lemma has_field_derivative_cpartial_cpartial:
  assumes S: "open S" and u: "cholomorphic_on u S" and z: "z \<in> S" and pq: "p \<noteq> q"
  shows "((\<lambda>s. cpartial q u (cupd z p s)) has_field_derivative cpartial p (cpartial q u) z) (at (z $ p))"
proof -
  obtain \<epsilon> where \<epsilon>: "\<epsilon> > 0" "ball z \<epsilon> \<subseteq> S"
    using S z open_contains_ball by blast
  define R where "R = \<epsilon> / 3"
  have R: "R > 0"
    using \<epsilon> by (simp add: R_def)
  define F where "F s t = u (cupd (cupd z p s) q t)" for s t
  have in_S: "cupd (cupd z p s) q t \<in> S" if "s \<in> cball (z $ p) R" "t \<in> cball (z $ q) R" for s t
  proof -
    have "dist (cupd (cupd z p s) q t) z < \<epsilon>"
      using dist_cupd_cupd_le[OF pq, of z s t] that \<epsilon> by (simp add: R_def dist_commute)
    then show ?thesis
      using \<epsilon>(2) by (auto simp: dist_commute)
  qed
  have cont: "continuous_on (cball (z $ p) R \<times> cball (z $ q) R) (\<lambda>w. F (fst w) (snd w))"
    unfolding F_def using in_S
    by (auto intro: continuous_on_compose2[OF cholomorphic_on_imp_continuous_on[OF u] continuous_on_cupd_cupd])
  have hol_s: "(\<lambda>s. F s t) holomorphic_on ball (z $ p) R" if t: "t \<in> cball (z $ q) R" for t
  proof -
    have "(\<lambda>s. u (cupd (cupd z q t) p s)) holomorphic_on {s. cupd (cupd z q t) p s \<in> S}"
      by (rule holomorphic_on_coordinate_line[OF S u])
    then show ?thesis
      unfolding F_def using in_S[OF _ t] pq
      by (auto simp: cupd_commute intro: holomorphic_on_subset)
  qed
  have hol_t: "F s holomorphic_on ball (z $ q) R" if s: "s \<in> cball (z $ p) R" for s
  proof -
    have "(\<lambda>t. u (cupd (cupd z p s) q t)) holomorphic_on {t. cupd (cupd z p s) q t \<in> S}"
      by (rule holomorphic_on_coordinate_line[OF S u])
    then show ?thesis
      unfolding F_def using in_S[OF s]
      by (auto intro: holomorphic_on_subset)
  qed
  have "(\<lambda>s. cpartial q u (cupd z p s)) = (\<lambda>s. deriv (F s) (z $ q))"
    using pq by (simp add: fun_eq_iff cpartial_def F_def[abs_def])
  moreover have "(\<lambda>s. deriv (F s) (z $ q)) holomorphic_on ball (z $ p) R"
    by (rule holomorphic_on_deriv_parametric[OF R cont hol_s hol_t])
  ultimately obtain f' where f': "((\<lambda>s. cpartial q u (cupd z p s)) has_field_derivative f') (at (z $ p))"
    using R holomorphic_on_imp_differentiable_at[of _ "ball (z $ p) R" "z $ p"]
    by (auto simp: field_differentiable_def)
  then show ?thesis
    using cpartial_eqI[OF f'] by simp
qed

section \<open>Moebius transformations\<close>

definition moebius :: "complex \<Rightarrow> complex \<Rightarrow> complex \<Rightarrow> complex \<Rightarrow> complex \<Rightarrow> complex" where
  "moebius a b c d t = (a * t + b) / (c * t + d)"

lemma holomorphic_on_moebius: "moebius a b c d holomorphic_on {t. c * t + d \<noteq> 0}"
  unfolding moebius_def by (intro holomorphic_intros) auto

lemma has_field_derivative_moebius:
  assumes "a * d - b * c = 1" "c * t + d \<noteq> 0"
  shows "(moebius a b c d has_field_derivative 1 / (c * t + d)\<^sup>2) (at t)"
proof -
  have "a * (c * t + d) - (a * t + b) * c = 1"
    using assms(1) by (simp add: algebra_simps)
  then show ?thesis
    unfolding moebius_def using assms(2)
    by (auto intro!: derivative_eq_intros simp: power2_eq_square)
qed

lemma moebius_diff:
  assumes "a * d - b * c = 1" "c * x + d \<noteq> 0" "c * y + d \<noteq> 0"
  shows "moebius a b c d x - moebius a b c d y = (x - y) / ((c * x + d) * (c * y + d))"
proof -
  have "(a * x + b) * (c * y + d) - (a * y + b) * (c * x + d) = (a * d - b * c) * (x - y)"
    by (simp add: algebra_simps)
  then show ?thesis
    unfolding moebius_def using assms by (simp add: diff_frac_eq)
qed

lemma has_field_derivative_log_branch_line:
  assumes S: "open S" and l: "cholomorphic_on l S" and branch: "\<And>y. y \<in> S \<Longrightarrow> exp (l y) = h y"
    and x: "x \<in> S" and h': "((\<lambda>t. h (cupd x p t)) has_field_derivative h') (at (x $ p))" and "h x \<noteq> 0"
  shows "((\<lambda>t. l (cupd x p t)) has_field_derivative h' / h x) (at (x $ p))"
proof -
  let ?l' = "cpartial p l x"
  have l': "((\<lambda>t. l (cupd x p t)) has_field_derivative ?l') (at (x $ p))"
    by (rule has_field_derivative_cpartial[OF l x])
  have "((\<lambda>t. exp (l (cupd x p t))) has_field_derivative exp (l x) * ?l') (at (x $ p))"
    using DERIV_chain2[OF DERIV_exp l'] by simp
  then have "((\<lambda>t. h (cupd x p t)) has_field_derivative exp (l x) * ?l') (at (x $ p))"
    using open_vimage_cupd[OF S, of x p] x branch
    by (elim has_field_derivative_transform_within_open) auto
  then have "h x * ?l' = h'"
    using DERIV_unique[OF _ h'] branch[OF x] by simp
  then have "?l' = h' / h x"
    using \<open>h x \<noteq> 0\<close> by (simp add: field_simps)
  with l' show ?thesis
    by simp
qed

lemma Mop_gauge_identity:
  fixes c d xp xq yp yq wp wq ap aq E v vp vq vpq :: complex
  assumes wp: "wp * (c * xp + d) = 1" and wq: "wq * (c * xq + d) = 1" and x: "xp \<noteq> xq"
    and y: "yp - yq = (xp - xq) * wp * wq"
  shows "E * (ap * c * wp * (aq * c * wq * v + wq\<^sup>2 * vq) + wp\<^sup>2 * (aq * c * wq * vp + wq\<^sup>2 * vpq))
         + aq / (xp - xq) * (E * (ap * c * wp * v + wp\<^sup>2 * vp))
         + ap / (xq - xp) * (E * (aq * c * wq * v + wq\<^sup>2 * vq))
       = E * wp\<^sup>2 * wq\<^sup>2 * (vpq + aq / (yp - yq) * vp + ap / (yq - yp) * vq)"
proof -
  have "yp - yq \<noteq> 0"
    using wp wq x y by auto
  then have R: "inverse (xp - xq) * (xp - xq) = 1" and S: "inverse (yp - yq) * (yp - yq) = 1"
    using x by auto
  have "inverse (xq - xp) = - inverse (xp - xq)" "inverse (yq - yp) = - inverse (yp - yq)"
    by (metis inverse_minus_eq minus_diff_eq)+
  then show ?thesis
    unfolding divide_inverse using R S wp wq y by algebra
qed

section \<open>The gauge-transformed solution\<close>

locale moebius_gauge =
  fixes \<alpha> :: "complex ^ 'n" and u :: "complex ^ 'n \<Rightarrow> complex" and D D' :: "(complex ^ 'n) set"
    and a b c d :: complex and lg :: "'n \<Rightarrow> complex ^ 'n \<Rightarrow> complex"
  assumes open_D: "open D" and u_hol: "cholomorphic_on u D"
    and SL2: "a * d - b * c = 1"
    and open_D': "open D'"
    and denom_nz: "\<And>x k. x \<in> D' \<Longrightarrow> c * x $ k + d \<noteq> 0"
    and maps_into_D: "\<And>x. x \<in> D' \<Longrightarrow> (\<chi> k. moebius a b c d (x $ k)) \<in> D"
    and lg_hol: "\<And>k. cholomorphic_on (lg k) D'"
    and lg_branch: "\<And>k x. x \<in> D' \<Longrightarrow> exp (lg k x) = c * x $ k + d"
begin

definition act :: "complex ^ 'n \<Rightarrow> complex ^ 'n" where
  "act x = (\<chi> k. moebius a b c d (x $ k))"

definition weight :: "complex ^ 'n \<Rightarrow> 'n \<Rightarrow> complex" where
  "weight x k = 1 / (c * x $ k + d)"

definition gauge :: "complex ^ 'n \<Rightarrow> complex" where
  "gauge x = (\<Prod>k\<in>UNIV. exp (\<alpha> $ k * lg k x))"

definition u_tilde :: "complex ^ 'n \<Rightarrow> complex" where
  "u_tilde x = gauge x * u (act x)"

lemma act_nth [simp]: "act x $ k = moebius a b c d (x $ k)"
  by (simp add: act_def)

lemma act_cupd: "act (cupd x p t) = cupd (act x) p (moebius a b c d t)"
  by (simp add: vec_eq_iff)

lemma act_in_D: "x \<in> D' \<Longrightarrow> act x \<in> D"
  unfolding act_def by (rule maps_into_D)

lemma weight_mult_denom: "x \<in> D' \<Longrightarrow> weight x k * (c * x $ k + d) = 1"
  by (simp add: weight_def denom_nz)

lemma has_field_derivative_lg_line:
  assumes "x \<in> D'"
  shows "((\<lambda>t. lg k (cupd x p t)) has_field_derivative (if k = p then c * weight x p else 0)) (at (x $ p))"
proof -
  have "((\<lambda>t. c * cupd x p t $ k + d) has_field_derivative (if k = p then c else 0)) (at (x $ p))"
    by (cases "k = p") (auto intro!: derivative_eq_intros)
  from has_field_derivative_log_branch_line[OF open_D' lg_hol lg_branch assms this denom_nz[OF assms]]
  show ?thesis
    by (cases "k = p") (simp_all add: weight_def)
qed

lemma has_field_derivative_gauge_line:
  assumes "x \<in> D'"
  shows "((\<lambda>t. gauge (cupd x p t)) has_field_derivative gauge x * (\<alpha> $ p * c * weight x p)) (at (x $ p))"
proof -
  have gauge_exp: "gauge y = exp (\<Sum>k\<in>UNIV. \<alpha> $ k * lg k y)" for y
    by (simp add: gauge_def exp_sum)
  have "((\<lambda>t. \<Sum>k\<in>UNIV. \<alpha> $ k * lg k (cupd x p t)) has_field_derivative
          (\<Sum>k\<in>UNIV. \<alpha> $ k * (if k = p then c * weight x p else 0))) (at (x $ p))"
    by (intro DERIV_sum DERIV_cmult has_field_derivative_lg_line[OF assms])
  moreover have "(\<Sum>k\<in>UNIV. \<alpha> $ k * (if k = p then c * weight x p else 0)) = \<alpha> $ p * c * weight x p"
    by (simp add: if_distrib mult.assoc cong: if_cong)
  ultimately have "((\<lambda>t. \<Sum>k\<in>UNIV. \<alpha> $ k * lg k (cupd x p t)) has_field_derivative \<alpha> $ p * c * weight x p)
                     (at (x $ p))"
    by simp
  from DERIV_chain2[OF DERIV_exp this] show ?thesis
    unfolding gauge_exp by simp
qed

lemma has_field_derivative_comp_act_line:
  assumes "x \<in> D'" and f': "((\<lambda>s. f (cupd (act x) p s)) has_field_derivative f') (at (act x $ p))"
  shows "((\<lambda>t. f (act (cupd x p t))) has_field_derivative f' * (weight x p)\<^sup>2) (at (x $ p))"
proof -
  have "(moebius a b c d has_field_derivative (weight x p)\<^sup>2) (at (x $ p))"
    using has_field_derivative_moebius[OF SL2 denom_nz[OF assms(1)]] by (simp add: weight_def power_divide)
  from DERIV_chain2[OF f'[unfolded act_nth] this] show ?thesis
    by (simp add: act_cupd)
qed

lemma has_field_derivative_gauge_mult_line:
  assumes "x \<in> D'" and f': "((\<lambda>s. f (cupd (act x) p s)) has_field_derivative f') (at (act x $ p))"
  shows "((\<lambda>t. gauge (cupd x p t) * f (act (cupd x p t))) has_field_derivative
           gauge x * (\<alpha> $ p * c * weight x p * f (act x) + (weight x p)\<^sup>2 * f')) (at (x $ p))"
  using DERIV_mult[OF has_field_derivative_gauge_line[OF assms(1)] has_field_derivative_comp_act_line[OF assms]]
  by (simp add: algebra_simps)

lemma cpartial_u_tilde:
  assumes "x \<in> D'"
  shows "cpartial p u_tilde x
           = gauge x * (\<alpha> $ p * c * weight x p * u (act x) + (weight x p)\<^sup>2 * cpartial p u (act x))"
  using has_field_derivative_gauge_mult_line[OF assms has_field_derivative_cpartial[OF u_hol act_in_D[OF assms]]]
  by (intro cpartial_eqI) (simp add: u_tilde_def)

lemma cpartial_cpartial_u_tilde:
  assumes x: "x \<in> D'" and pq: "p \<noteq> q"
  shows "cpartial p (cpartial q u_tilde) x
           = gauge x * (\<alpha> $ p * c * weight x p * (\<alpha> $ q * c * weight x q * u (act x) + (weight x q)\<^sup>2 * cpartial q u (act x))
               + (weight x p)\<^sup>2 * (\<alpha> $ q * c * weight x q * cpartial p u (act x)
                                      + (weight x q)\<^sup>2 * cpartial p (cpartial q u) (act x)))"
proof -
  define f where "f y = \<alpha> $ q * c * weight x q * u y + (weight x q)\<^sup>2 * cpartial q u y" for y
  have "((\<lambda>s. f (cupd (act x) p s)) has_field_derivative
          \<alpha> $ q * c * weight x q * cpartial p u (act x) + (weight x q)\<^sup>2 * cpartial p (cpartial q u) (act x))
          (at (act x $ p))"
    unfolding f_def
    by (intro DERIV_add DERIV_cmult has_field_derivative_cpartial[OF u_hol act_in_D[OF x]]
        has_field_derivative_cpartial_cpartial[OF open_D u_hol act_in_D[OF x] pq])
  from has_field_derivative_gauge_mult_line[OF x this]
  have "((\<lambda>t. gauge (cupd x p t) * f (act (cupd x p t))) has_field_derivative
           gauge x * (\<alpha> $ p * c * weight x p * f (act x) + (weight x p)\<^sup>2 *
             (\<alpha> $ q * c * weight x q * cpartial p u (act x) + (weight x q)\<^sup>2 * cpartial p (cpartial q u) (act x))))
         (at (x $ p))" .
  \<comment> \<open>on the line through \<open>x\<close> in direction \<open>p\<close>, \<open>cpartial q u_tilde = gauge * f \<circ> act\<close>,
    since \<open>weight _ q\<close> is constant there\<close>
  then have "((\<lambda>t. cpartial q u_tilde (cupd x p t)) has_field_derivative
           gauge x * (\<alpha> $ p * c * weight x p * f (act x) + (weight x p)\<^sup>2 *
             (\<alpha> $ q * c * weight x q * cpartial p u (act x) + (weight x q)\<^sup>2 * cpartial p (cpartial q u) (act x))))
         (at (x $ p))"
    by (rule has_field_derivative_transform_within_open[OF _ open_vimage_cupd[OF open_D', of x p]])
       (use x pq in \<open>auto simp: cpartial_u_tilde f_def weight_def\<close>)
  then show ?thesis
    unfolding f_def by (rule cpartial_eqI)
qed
※
Would you copy out exactly the lines above that start at the one containing "unfolding divide_inverse using" and end at the one containing "x = gauge x", inclusive?

    unfolding divide_inverse using R S wp wq y by algebra
qed

section \<open>The gauge-transformed solution\<close>

locale moebius_gauge =
  fixes \<alpha> :: "complex ^ 'n" and u :: "complex ^ 'n \<Rightarrow> complex" and D D' :: "(complex ^ 'n) set"
    and a b c d :: complex and lg :: "'n \<Rightarrow> complex ^ 'n \<Rightarrow> complex"
  assumes open_D: "open D" and u_hol: "cholomorphic_on u D"
    and SL2: "a * d - b * c = 1"
    and open_D': "open D'"
    and denom_nz: "\<And>x k. x \<in> D' \<Longrightarrow> c * x $ k + d \<noteq> 0"
    and maps_into_D: "\<And>x. x \<in> D' \<Longrightarrow> (\<chi> k. moebius a b c d (x $ k)) \<in> D"
    and lg_hol: "\<And>k. cholomorphic_on (lg k) D'"
    and lg_branch: "\<And>k x. x \<in> D' \<Longrightarrow> exp (lg k x) = c * x $ k + d"
begin

definition act :: "complex ^ 'n \<Rightarrow> complex ^ 'n" where
  "act x = (\<chi> k. moebius a b c d (x $ k))"

definition weight :: "complex ^ 'n \<Rightarrow> 'n \<Rightarrow> complex" where
  "weight x k = 1 / (c * x $ k + d)"

definition gauge :: "complex ^ 'n \<Rightarrow> complex" where
  "gauge x = (\<Prod>k\<in>UNIV. exp (\<alpha> $ k * lg k x))"

definition u_tilde :: "complex ^ 'n \<Rightarrow> complex" where
  "u_tilde x = gauge x * u (act x)"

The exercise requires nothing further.